lemma gadget_extension_delete:
  assumes "\<forall>e\<in>E. e \<subseteq> V" "v1 \<in> V" "v3 \<in> V" "x \<notin> V" "y \<notin> V" "z \<notin> V" "distinct [x,y,z]"
    and "proper3 V E g" "e \<in> gadget_edges v1 v3 x y z"
  shows "\<exists>h. proper3 (V \<union> {x,y,z}) (E \<union> (gadget_edges v1 v3 x y z - {e})) h
    \<and> (\<forall>v\<in>V. h v = g v) \<and> h x \<noteq> h z"
proof (cases "g v1 = g v3")
  case True
  have "g v1 < 3" using assms(2,8) unfolding proper3_def by auto
  then obtain b c where bc: "b < 3" "c < 3" "g v1 \<noteq> b" "g v1 \<noteq> c" "b \<noteq> c"
    using other_two_colours by blast
  have ne: "v1 \<noteq> x" "v1 \<noteq> y" "v1 \<noteq> z" "v3 \<noteq> x" "v3 \<noteq> y" "v3 \<noteq> z"
    using assms(2-6) by auto
  have colouring: "\<exists>h. proper3 (V \<union> {x,y,z}) (E \<union> (gadget_edges v1 v3 x y z - {e})) h
      \<and> (\<forall>v\<in>V. h v = g v) \<and> h x \<noteq> h z"
    if "a < 3" "b' < 3" "c' < 3" "a \<noteq> c'"
      "{v1,x} \<noteq> e \<Longrightarrow> g v1 \<noteq> a" "{x,y} \<noteq> e \<Longrightarrow> a \<noteq> b'" "{y,z} \<noteq> e \<Longrightarrow> b' \<noteq> c'"
      "{z,v1} \<noteq> e \<Longrightarrow> c' \<noteq> g v1" "{v3,y} \<noteq> e \<Longrightarrow> g v3 \<noteq> b'" for a b' c'
    using gadget_colouring[OF assms(1-8) that(1-3), of "{e}"] that(4-9) assms(4-7)
    by (intro exI[of _ "g(x:=a, y:=b', z:=c')"]) auto
  from assms(9) consider "e = {v1,x}" | "e = {x,y}" | "e = {y,z}" | "e = {z,v1}" | "e = {v3,y}"
    unfolding gadget_edges_def by blast
  then show ?thesis
  proof cases
    case 1 then show ?thesis using bc True ne assms(7) \<open>g v1 < 3\<close>
      by (intro colouring[of "g v1" b c]) (auto simp: doubleton_eq_iff)
  next
    case 2 then show ?thesis using bc True ne assms(7) \<open>g v1 < 3\<close>
      by (intro colouring[of b b c]) (auto simp: doubleton_eq_iff)
  next
    case 3 then show ?thesis using bc True ne assms(7) \<open>g v1 < 3\<close>
      by (intro colouring[of c b b]) (auto simp: doubleton_eq_iff)
  next
    case 4 then show ?thesis using bc True ne assms(7) \<open>g v1 < 3\<close>
      by (intro colouring[of c b "g v1"]) (auto simp: doubleton_eq_iff)
  next
    case 5 then show ?thesis using bc True ne assms(7) \<open>g v1 < 3\<close>
      by (intro colouring[of b "g v1" c]) (auto simp: doubleton_eq_iff)
  qed
next
  case False
  then obtain h where "proper3 (V \<union> {x,y,z}) (E \<union> gadget_edges v1 v3 x y z) h"
    "\<forall>v\<in>V. h v = g v" "h x \<noteq> h z"
    using gadget_extension_split[OF assms(1-8)] by blast
  then show ?thesis by (blast intro: proper3_mono[rotated 2])
qed

lemma deg_cyc_edges: "cyc_distinct q \<Longrightarrow> w \<in> cyc_verts q \<Longrightarrow> deg (cyc_edges q) w = 2"
proof (cases q)
  case (fields a b c d)
  assume "cyc_distinct q" "w \<in> cyc_verts q"
  then have abcd: "distinct [a,b,c,d]" and "w \<in> {a,b,c,d}"
    using fields by (auto simp: cyc_distinct_def cyc_verts_def)
  then consider "w = a" | "w = b" | "w = c" | "w = d" by blast
  then show ?thesis
  proof cases
    case 1 show ?thesis
      by (rule deg_eq_2[of _ _ "{a,b}" "{d,a}"]) (use abcd fields 1 in \<open>auto simp: cyc_edges_def\<close>)
  next
    case 2 show ?thesis
      by (rule deg_eq_2[of _ _ "{a,b}" "{b,c}"]) (use abcd fields 2 in \<open>auto simp: cyc_edges_def\<close>)
  next
    case 3 show ?thesis
      by (rule deg_eq_2[of _ _ "{b,c}" "{c,d}"]) (use abcd fields 3 in \<open>auto simp: cyc_edges_def\<close>)
  next
    case 4 show ?thesis
      by (rule deg_eq_2[of _ _ "{c,d}" "{d,a}"]) (use abcd fields 4 in \<open>auto simp: cyc_edges_def\<close>)
  qed
qed

lemma deg_gadget:
  assumes "\<forall>e\<in>E. e \<subseteq> V" "cyc_distinct (v1,v2,v3,v4)" "cyc_edges (v1,v2,v3,v4) \<subseteq> E"
    and "x \<notin> V" "y \<notin> V" "z \<notin> V" "distinct [x,y,z]"
  shows "w \<in> V \<Longrightarrow> deg (E \<union> gadget_edges v1 v3 x y z) w = 2 \<longleftrightarrow> deg E w = 2 \<and> w \<notin> {v1,v3}"
    and "deg (E \<union> gadget_edges v1 v3 x y z) x = 2" "deg (E \<union> gadget_edges v1 v3 x y z) y \<noteq> 2"
    and "deg (E \<union> gadget_edges v1 v3 x y z) z = 2"
proof -
  let ?N = "gadget_edges v1 v3 x y z"
  have Q: "{v1,v2} \<in> E" "{v2,v3} \<in> E" "{v3,v4} \<in> E" "{v4,v1} \<in> E" "distinct [v1,v2,v3,v4]"
    using assms(2,3) by (auto simp: cyc_edges_def cyc_distinct_def)
  then have V: "v1 \<in> V" "v2 \<in> V" "v3 \<in> V" "v4 \<in> V" using assms(1) by auto
  have ne: "v1 \<noteq> x" "v1 \<noteq> y" "v1 \<noteq> z" "v3 \<noteq> x" "v3 \<noteq> y" "v3 \<noteq> z"
    using V assms(4-6) by auto
  have fresh_edges: "\<And>u. u \<notin> V \<Longrightarrow> {e \<in> E \<union> ?N. u \<in> e} = {e \<in> ?N. u \<in> e}" using assms(1) by auto
  have "deg (E \<union> ?N) v1 \<noteq> 2"
    by (rule deg_ne_2[of "{v1,v2}" "{v4,v1}" "{v1,x}"])
      (use Q V ne assms(4-6) in \<open>auto simp: gadget_edges_def doubleton_eq_iff\<close>)
  moreover have "deg (E \<union> ?N) v3 \<noteq> 2"
    by (rule deg_ne_2[of "{v2,v3}" "{v3,v4}" "{v3,y}"])
      (use Q V ne assms(4-6) in \<open>auto simp: gadget_edges_def doubleton_eq_iff\<close>)
  moreover have "deg (E \<union> ?N) w = deg E w" if "w \<in> V" "w \<notin> {v1,v3}" for w
    using that assms(4-6) by (intro deg_Un_untouched) (auto simp: gadget_edges_def)
  ultimately show "w \<in> V \<Longrightarrow> deg (E \<union> ?N) w = 2 \<longleftrightarrow> deg E w = 2 \<and> w \<notin> {v1,v3}"
    by (cases "w = v1 \<or> w = v3") auto
  show "deg (E \<union> ?N) y \<noteq> 2"
    by (rule deg_ne_2[of "{x,y}" "{y,z}" "{v3,y}"])
      (use assms(7) ne in \<open>auto simp: gadget_edges_def doubleton_eq_iff\<close>)
  show "deg (E \<union> ?N) x = 2"
    by (rule deg_eq_2[of _ _ "{v1,x}" "{x,y}"])
      (use assms(4,7) ne fresh_edges in \<open>auto simp: gadget_edges_def doubleton_eq_iff\<close>)
  show "deg (E \<union> ?N) z = 2"
    by (rule deg_eq_2[of _ _ "{y,z}" "{z,v1}"])
      (use assms(6,7) ne fresh_edges in \<open>auto simp: gadget_edges_def doubleton_eq_iff\<close>)
qed

lemma deg2_verts_gadget:
  assumes "\<forall>e\<in>E. e \<subseteq> V" "cyc_distinct (v1,v2,v3,v4)" "cyc_edges (v1,v2,v3,v4) \<subseteq> E"
    and "x \<notin> V" "y \<notin> V" "z \<notin> V" "distinct [x,y,z]"
  shows "cyc_verts q \<subseteq> V \<Longrightarrow>
      deg2_verts (E \<union> gadget_edges v1 v3 x y z) q = deg2_verts E q - {v1,v3}"
    and "deg2_verts (E \<union> gadget_edges v1 v3 x y z) (v1,x,y,z) = {x,z}"
proof -
  note deg = deg_gadget[OF assms]
  show "cyc_verts q \<subseteq> V \<Longrightarrow> deg2_verts (E \<union> gadget_edges v1 v3 x y z) q = deg2_verts E q - {v1,v3}"
    using deg(1) unfolding deg2_verts_def by auto
  have "v1 \<in> V" using assms(1,3) by (auto simp: cyc_edges_def)
  then show "deg2_verts (E \<union> gadget_edges v1 v3 x y z) (v1,x,y,z) = {x,z}"
    using deg(1)[of v1] deg(2-4) unfolding deg2_verts_def cyc_verts_def by auto
qed

lemma essential_edges_gadget:
  assumes "\<forall>e\<in>E. e \<subseteq> V" "v1 \<in> V" "v3 \<in> V" "x \<notin> V" "y \<notin> V" "z \<notin> V" "distinct [x,y,z]"
    and "D \<subseteq> V" "essential_edges V E F D {v1,v3}" "proper3 V E g" "\<not> monochromatic g D"
  shows "essential_edges (V \<union> {x,y,z}) (E \<union> gadget_edges v1 v3 x y z)
    (F \<union> gadget_edges v1 v3 x y z) D {x,z}"
  unfolding essential_edges_def
proof
  let ?N = "gadget_edges v1 v3 x y z"
  fix e assume "e \<in> F \<union> ?N"
  then obtain h where h: "proper3 (V \<union> {x,y,z}) ((E - {e}) \<union> ?N) h \<or>
      proper3 (V \<union> {x,y,z}) (E \<union> (?N - {e})) h"
    "\<not> monochromatic h D" "h x \<noteq> h z"
  proof
    assume "e \<in> F"
    then obtain g' where "proper3 V (E - {e}) g'" "\<not> monochromatic g' D" "g' v1 \<noteq> g' v3"
      using assms(9) unfolding essential_edges_def by auto
    moreover from this obtain h where "proper3 (V \<union> {x,y,z}) ((E - {e}) \<union> ?N) h"
      "\<forall>v\<in>V. h v = g' v" "h x \<noteq> h z"
      using gadget_extension_split[of "E - {e}" V v1 v3 x y z g'] assms(1-7) by blast
    ultimately show thesis using that monochromatic_cong[OF assms(8), of h g'] by auto
  next
    assume "e \<in> ?N"
    then obtain h where "proper3 (V \<union> {x,y,z}) (E \<union> (?N - {e})) h"
      "\<forall>v\<in>V. h v = g v" "h x \<noteq> h z"
      using gadget_extension_delete[OF assms(1-7,10)] by blast
    then show thesis using that assms(11) monochromatic_cong[OF assms(8), of h g] by auto
  qed
  then have "proper3 (V \<union> {x,y,z}) (E \<union> ?N - {e}) h" by (blast intro: proper3_mono[rotated 2])
  then show "\<exists>h. proper3 (V \<union> {x,y,z}) (E \<union> ?N - {e}) h \<and> \<not> monochromatic h D
      \<and> \<not> monochromatic h {x,z}"
    using h(2,3) by auto
qed

lemma forces_four_cycle:
  assumes "cyc_distinct (a,b,c,d)"
  shows "forces (cyc_verts (a,b,c,d)) (cyc_edges (a,b,c,d)) {b,d} {a,c}"
  unfolding forces_def
proof (intro allI impI)
  fix g assume g: "proper3 (cyc_verts (a,b,c,d)) (cyc_edges (a,b,c,d)) g"
  have edge: "g u \<noteq> g w" if "{u,w} \<in> cyc_edges (a,b,c,d)" "u \<noteq> w" for u w
    using g that unfolding proper3_def by blast
  have "g a \<noteq> g b" "g b \<noteq> g c" "g c \<noteq> g d" "g d \<noteq> g a"
    by (rule edge; use assms in \<open>auto simp: cyc_edges_def cyc_distinct_def\<close>)+
  moreover have "g a < 3" "g b < 3" "g c < 3" "g d < 3"
    using g unfolding proper3_def cyc_verts_def by auto
  ultimately have "g a \<noteq> g c \<Longrightarrow> g b = g d" by (intro colour_forced[of "g a" "g c"]) auto
  then show "monochromatic g {b,d} \<or> monochromatic g {a,c}" by auto
qed

lemma four_cycle_colouring:
  assumes "cyc_distinct (a,b,c,d)"
  shows "\<exists>g. proper3 (cyc_verts (a,b,c,d)) (cyc_edges (a,b,c,d)) g \<and> \<not> monochromatic g {b,d}"
proof (intro exI conjI)
  let ?g = "\<lambda>w. if w = b then 1 else if w = d then 2 else 0 :: nat"
  show "\<not> monochromatic ?g {b,d}" using assms by (auto simp: cyc_distinct_def)
  show "proper3 (cyc_verts (a,b,c,d)) (cyc_edges (a,b,c,d)) ?g"
    using assms unfolding proper3_def cyc_edges_def cyc_distinct_def by (auto simp: doubleton_eq_iff)
qed

text \<open>In the initial 4-cycle all four vertices have degree two, so the inner diagonal D1 is
singled out only by the first step; this case is tracked by a separate invariant.\<close>

definition four_cycle_labelling :: "'a set \<Rightarrow> 'a set set \<Rightarrow> 'a \<times> 'a \<times> 'a \<times> 'a \<Rightarrow> 'a \<times> 'a \<times> 'a \<times> 'a \<Rightarrow> bool" where
  "four_cycle_labelling V E C Q \<longleftrightarrow> V = cyc_verts C \<and> E = cyc_edges C \<and> cyc_distinct C \<and>
     cyc_distinct Q \<and> cyc_verts Q = cyc_verts C \<and> cyc_edges Q = cyc_edges C \<and> diagonals Q = diagonals C"

definition forcing_inv :: "'a set \<Rightarrow> 'a set set \<Rightarrow> 'a \<times> 'a \<times> 'a \<times> 'a \<Rightarrow> 'a \<times> 'a \<times> 'a \<times> 'a \<Rightarrow> bool" where
  "forcing_inv V E C Q \<longleftrightarrow> (\<forall>e\<in>E. e \<subseteq> V) \<and> (\<forall>v\<in>V. \<exists>e\<in>E. v \<in> e) \<and>
     cyc_distinct C \<and> cyc_distinct Q \<and> cyc_edges C \<subseteq> E \<and> cyc_edges Q \<subseteq> E \<and>
     deg2_verts E C \<in> diagonals C \<and> deg2_verts E Q \<in> diagonals Q \<and>
     deg2_verts E Q \<inter> cyc_verts C = {} \<and>
     forces V E (deg2_verts E C) (deg2_verts E Q) \<and>
     (\<exists>g. proper3 V E g \<and> \<not> monochromatic g (deg2_verts E C)) \<and>
     essential_edges V E (E - cyc_edges C) (deg2_verts E C) (deg2_verts E Q)"

lemma deg2_verts_rot: "deg2_verts E (b,c,d,a) = deg2_verts E (a,b,c,d)"
  and deg2_verts_rev: "deg2_verts E (d,c,b,a) = deg2_verts E (a,b,c,d)"
  by (auto simp: deg2_verts_def cyc_verts_def)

▸ **ACTION ITEM**: Working through the records, find each line containing the word "from" and copy it.

▸ **ANSWER BELOW**:
  from assms(9) consider "e = {v1,x}" | "e = {x,y}" | "e = {y,z}" | "e = {z,v1}" | "e = {v3,y}"
    moreover from this obtain h where "proper3 (V \<union> {x,y,z}) ((E - {e}) \<union> ?N) h"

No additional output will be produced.